Maç kaybettiklerinde ceza veriliyor mu ki kazandıklarında prim verilsin.. işte bu yüzden fatih terim istifa etmeli ulusoy defolup gitmeli , milli takımı rezil ettiler kulüp takımı sanıyorlar heralde gs'nin pilot takımı değil bu aklınızı başınıza alın milli takımın primimi olurmuş
genel futbol piyasasi boyle,kizmaya hakkiniz yok,begenmiyorsaniz,maclara gitmeyin dekoder almayin, spor gazetesi okumayin ,spor programi izlemeyin bunlar para olarak gidiyor bu piyasaya
quote:
Orjinalden alıntı: kalemşör
Maç kaybettiklerinde ceza veriliyor mu ki kazandıklarında prim verilsin.. işte bu yüzden fatih terim istifa etmeli ulusoy defolup gitmeli , milli takımı rezil ettiler kulüp takımı sanıyorlar heralde gs'nin pilot takımı değil bu aklınızı başınıza alın milli takımın primimi olurmuş
Ne GS pilot takımı ya?Karde$im bu milli takım a$ın artık $u ki$isel problemlerinizi.Dilinize bir$ey yapı$tımı susmak bilmeden aynı $eyi her konu da aynı $eyleri soylemeniz komik oluyor.
Aynı yazıları 100lerce kez konu açıp 1000lerce mesajla yazmakta kararlısınız ancak çok basit olarak soruyorum.Belli bir kurumun elinde olan imkanların nasıl kullanılıcağına siz kim olarak karar vermeye çalışıyorsunuz?Siz kim olarak ve hangi icraatle bir başkasının icraatine çamur atmaya çalışıyorsunuz?
Elinizde tek bir somut örnekle gelin şu sebepten prim verilemez diye!Ayrıca prim alanlar daha çok Fb'liler Milli takımda daha çok sayıda Fb'li olduğundan.Terim Gs'yi kolluyor ya o yüzden heralde.Neyse mevzu o değil dediğim gibi.
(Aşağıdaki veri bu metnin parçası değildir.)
lemma lcp_outgroup:
  assumes "strict_prefix (lcp p r) (lcp p q)"
  shows "lcp q r = lcp p r"
proof (rule prefix_order.antisym)
  have "prefix (lcp p r) q"
    using assms longest_common_prefix_prefix2 prefix_order.trans strict_prefix_def by metis
  then show "prefix (lcp p r) (lcp q r)"
    by (simp add: prefix_lcp_iff longest_common_prefix_prefix2)
next
  have "\<not> prefix (lcp p q) (lcp q r)"
  proof
    assume "prefix (lcp p q) (lcp q r)"
    then have "prefix (lcp p q) (lcp p r)"
      by (simp add: prefix_lcp_iff longest_common_prefix_prefix1)
    then show False using assms by (simp add: prefix_order.leD)
  qed
  then have "prefix (lcp q r) (lcp p q)"
    using prefix_same_cases longest_common_prefix_prefix1 longest_common_prefix_prefix2 by metis
  then show "prefix (lcp q r) (lcp p r)"
    by (simp add: prefix_lcp_iff longest_common_prefix_prefix2)
qed

lemma resolved_swap: "resolved p q r \<longleftrightarrow> resolved q p r"
  using lcp_outgroup lcp_sym unfolding resolved_def by metis

lemma resolved_asym: "resolved p q r \<Longrightarrow> \<not> resolved p r q"
  unfolding resolved_def by (meson prefix_order.less_asym)

text \<open>Binary branching: among three pairwise incomparable addresses one of the three possible
  triples is resolved (no star tree on three leaves).\<close>
lemma resolved_trichotomy:
  fixes p q r :: "bool list"
  assumes "\<not> prefix p q" "\<not> prefix q p" "\<not> prefix p r" "\<not> prefix r p"
    and "\<not> prefix q r" "\<not> prefix r q"
  shows "resolved p q r \<or> resolved p r q \<or> resolved q r p"
proof -
  have distinct: "p \<noteq> q" "p \<noteq> r" "q \<noteq> r" using assms by auto
  have "prefix (lcp p q) (lcp p r) \<or> prefix (lcp p r) (lcp p q)"
    using prefix_same_cases longest_common_prefix_prefix1 by blast
  then consider "strict_prefix (lcp p r) (lcp p q)" | "strict_prefix (lcp p q) (lcp p r)"
    | "lcp p q = lcp p r"
    unfolding strict_prefix_def by (cases "lcp p q = lcp p r") auto
  then show ?thesis
  proof cases
    case 3
    define u where "u = lcp p q"
    obtain c p' q' where "p = u @ c # p'" "q = u @ (\<not> c) # q'"
      unfolding u_def by (rule lcp_split[OF assms(1,2)])
    moreover obtain d p'' r' where "p = u @ d # p''" "r = u @ (\<not> d) # r'"
      using lcp_split[OF assms(3,4)] 3 unfolding u_def by metis
    ultimately have "q = u @ (\<not> c) # q'" "r = u @ (\<not> c) # r'"
      by simp_all
    moreover have "lcp q p = u" using u_def lcp_sym by metis
    ultimately have "strict_prefix (lcp q p) (lcp q r)" by (simp add: lcp_append strict_prefix_def)
    then show ?thesis using distinct by (simp add: resolved_def)
  qed (use distinct in \<open>simp_all add: resolved_def\<close>)
qed

definition clade_label :: "bool list \<Rightarrow> bool \<Rightarrow> bool list \<Rightarrow> abc" where
  "clade_label u b w =
     (if prefix (u @ [b]) w then A else if prefix (u @ [\<not> b]) w then B else C)"

lemma resolved_split:
  assumes "resolved p q r" "\<not> prefix p q" "\<not> prefix q p"
  obtains u c where "prefix (u @ [c]) p" "prefix (u @ [\<not> c]) q" "\<not> prefix u r"
proof -
  define u where "u = lcp p q"
  obtain c p' q' where p: "p = u @ c # p'" and q: "q = u @ (\<not> c) # q'"
    unfolding u_def by (rule lcp_split[OF assms(2,3)])
  have "\<not> prefix u r"
  proof
    assume "prefix u r"
    then have "prefix u (lcp p r)"
      by (simp add: u_def prefix_lcp_iff longest_common_prefix_prefix1)
    then show False using assms(1) by (simp add: u_def resolved_def prefix_order.leD)
  qed
  moreover have "prefix (u @ [c]) p" "prefix (u @ [\<not> c]) q" using p q by simp_all
  ultimately show thesis using that by blast
qed

lemma resolved_across_clades:
  assumes "clade_label u b p \<noteq> C" "clade_label u b q \<noteq> C"
    and "clade_label u b p \<noteq> clade_label u b q" "clade_label u b r = C"
    and "\<not> strict_prefix r p"
  shows "resolved p q r"
proof -
  have "\<exists>c. prefix (u @ [c]) p \<and> prefix (u @ [\<not> c]) q"
    using assms(1-3) unfolding clade_label_def by (auto split: if_splits)
  then obtain c p' q' where p: "p = u @ c # p'" and q: "q = u @ (\<not> c) # q'"
    by (auto simp: prefix_def)
  have lcp_pq: "lcp p q = u" using p q by (simp add: lcp_append)
  have "\<not> prefix u r"
  proof
    assume "prefix u r"
    then obtain rest where r: "r = u @ rest" by (auto simp: prefix_def)
    show False
    proof (cases rest)
      case Nil
      then show False using assms(5) p r by (simp add: strict_prefix_def)
    next
      case (Cons d rest')
      then show False using assms(4) r by (cases d; cases b) (simp_all add: clade_label_def)
    qed
  qed
  have "strict_prefix (lcp p r) u"
  proof -
    have "prefix u p" using p by simp
    moreover have "\<not> prefix u (lcp p r)" using \<open>\<not> prefix u r\<close> by (simp add: prefix_lcp_iff)
    ultimately show ?thesis
      using prefix_same_cases[OF longest_common_prefix_prefix1] by (auto simp: strict_prefix_def)
  qed
  moreover have "p \<noteq> q" "p \<noteq> r" "q \<noteq> r" using assms(1-4) by auto
  ultimately show ?thesis using lcp_pq by (simp add: resolved_def)
qed

definition outgroup :: "(abc \<Rightarrow> bool list) \<Rightarrow> abc \<Rightarrow> bool" where
  "outgroup \<alpha> R \<longleftrightarrow> (\<exists>P Q. resolved (\<alpha> P) (\<alpha> Q) (\<alpha> R))"

lemma resolved_iff_outgroup:
  "resolved (\<alpha> P) (\<alpha> Q) (\<alpha> R) \<longleftrightarrow> P \<noteq> Q \<and> P \<noteq> R \<and> Q \<noteq> R \<and> outgroup \<alpha> R"
proof
  assume "resolved (\<alpha> P) (\<alpha> Q) (\<alpha> R)"
  then show "P \<noteq> Q \<and> P \<noteq> R \<and> Q \<noteq> R \<and> outgroup \<alpha> R"
    unfolding outgroup_def resolved_def by blast
next
  assume distinct: "P \<noteq> Q \<and> P \<noteq> R \<and> Q \<noteq> R \<and> outgroup \<alpha> R"
  then obtain P' Q' where res: "resolved (\<alpha> P') (\<alpha> Q') (\<alpha> R)"
    unfolding outgroup_def by blast
  then have "P' \<noteq> Q'" "P' \<noteq> R" "Q' \<noteq> R" unfolding resolved_def by auto
  then have "(P, Q) = (P', Q') \<or> (P, Q) = (Q', P')"
    using distinct by (cases P; cases Q; cases R; cases P'; cases Q') simp_all
  then show "resolved (\<alpha> P) (\<alpha> Q) (\<alpha> R)" using res resolved_swap by auto
qed

lemma outgroup_unique:
  assumes "outgroup \<alpha> R" "outgroup \<alpha> R'"
  shows "R = R'"
proof (rule ccontr)
  assume "R \<noteq> R'"
  moreover obtain S where "S \<noteq> R" "S \<noteq> R'"
    using abc.distinct by (cases R; cases R'; blast)
  ultimately have "resolved (\<alpha> S) (\<alpha> R') (\<alpha> R)" "resolved (\<alpha> S) (\<alpha> R) (\<alpha> R')"
    using assms resolved_iff_outgroup by auto
  then show False using resolved_asym by blast
qed

lemma yca_eq_lcp:
  assumes "rooted_tree T" "u \<in> T"
  shows "yca T u v = lcp u v"
proof -
  let ?common = "\<lambda>w. w \<in> T \<and> prefix w u \<and> prefix w v"
  have "?common (lcp u v)"
    using assms longest_common_prefix_prefix1 longest_common_prefix_prefix2
    unfolding rooted_tree_def by blast
  moreover have "\<forall>w. ?common w \<longrightarrow> length w < Suc (length (lcp u v))"
    by (simp add: prefix_length_le longest_common_prefix_max_prefix less_Suc_eq_le)
  ultimately have "?common (yca T u v)" "length (lcp u v) \<le> length (yca T u v)"
    unfolding yca_def using arg_max_nat_lemma[of ?common] by blast+
  moreover have below: "prefix (yca T u v) (lcp u v)"
    using calculation(1) longest_common_prefix_max_prefix by blast
  ultimately have "prefix (lcp u v) (yca T u v)"
    using prefix_length_prefix[of "lcp u v" "lcp u v" "yca T u v"] by simp
  with below show ?thesis by (rule prefix_order.antisym)
qed

lemma sat_lit_iff_resolved:
  assumes "rooted_tree T" "\<alpha> x \<in> T"
  shows "sat_lit T \<alpha> (x, y, z) \<longleftrightarrow> resolved (\<alpha> x) (\<alpha> y) (\<alpha> z)"
proof -
  have "lcp (\<alpha> x) w \<in> T" for w
    using assms longest_common_prefix_prefix1 unfolding rooted_tree_def by blast
  then show ?thesis
    unfolding sat_lit_def resolved_def strictly_below_def strict_prefix_def
    by (auto simp add: yca_eq_lcp[OF assms])
qed

lemma leaf_maximal:
  assumes "binary_tree T" "is_leaf T p" "v \<in> T" "prefix p v"
  shows "v = p"
proof (rule ccontr)
  assume "v \<noteq> p"
  then obtain b r where v: "v = p @ b # r"
    using assms(4) by (metis append_Nil2 neq_Nil_conv prefix_def)
  have tree: "rooted_tree T" using assms(1) by (simp add: binary_tree_def)
  then have child: "p @ [b] \<in> nbrs T p"
    using assms(3) v unfolding rooted_tree_def nbrs_def by auto
  have finite: "finite (nbrs T p)" using tree by (simp add: rooted_tree_def nbrs_def)
  show False
  proof (cases "p = []")
    case True
    then show False using assms(1,2) by (simp add: binary_tree_def is_leaf_def)
  next
    case False
    then have "p = butlast p @ [last p]" by simp
    moreover have "butlast p \<in> T"
      using tree assms(2) prefixeq_butlast unfolding rooted_tree_def is_leaf_def by blast
    ultimately have parent: "butlast p \<in> nbrs T p" unfolding nbrs_def by blast
    have "length (butlast p) < length (p @ [b])" by simp
    then have "butlast p \<noteq> p @ [b]" by (metis less_irrefl)
    then have "2 \<le> card (nbrs T p)"
      using card_mono[OF finite, of "{butlast p, p @ [b]}"] child parent by simp
    then show False using assms(2) by (simp add: is_leaf_def)
  qed
qed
Kim olarak ve hangi mantıkla bir kişi/kurumun parasına karışabiliyorsunuz?Aranızda yaşı tutan ve kendi parasını kazanan varsa hesabını versin bize bakalım oluyor mu?
quote:
Orjinalden alıntı: Y!g!T
quote:
Orjinalden alıntı: kalemşör
Maç kaybettiklerinde ceza veriliyor mu ki kazandıklarında prim verilsin.. işte bu yüzden fatih terim istifa etmeli ulusoy defolup gitmeli , milli takımı rezil ettiler kulüp takımı sanıyorlar heralde gs'nin pilot takımı değil bu aklınızı başınıza alın milli takımın primimi olurmuş
Ne GS pilot takımı ya?Karde$im bu milli takım a$ın artık $u ki$isel problemlerinizi.Dilinize bir$ey yapı$tımı susmak bilmeden aynı $eyi her konu da soylemeniz komik oluyor.
quote:
Orjinalden alıntı: gael
genel futbol piyasasi boyle,kizmaya hakkiniz yok,begenmiyorsaniz,maclara gitmeyin dekoder almayin, spor gazetesi okumayin ,spor programi izlemeyin bunlar para olarak gidiyor bu piyasaya
Bize genel futbol piyasasından biraz bahsetsene.Mesela Almanlar ne kadar ödüyor gruptan çıkma primi olarak yada İspanyollar ?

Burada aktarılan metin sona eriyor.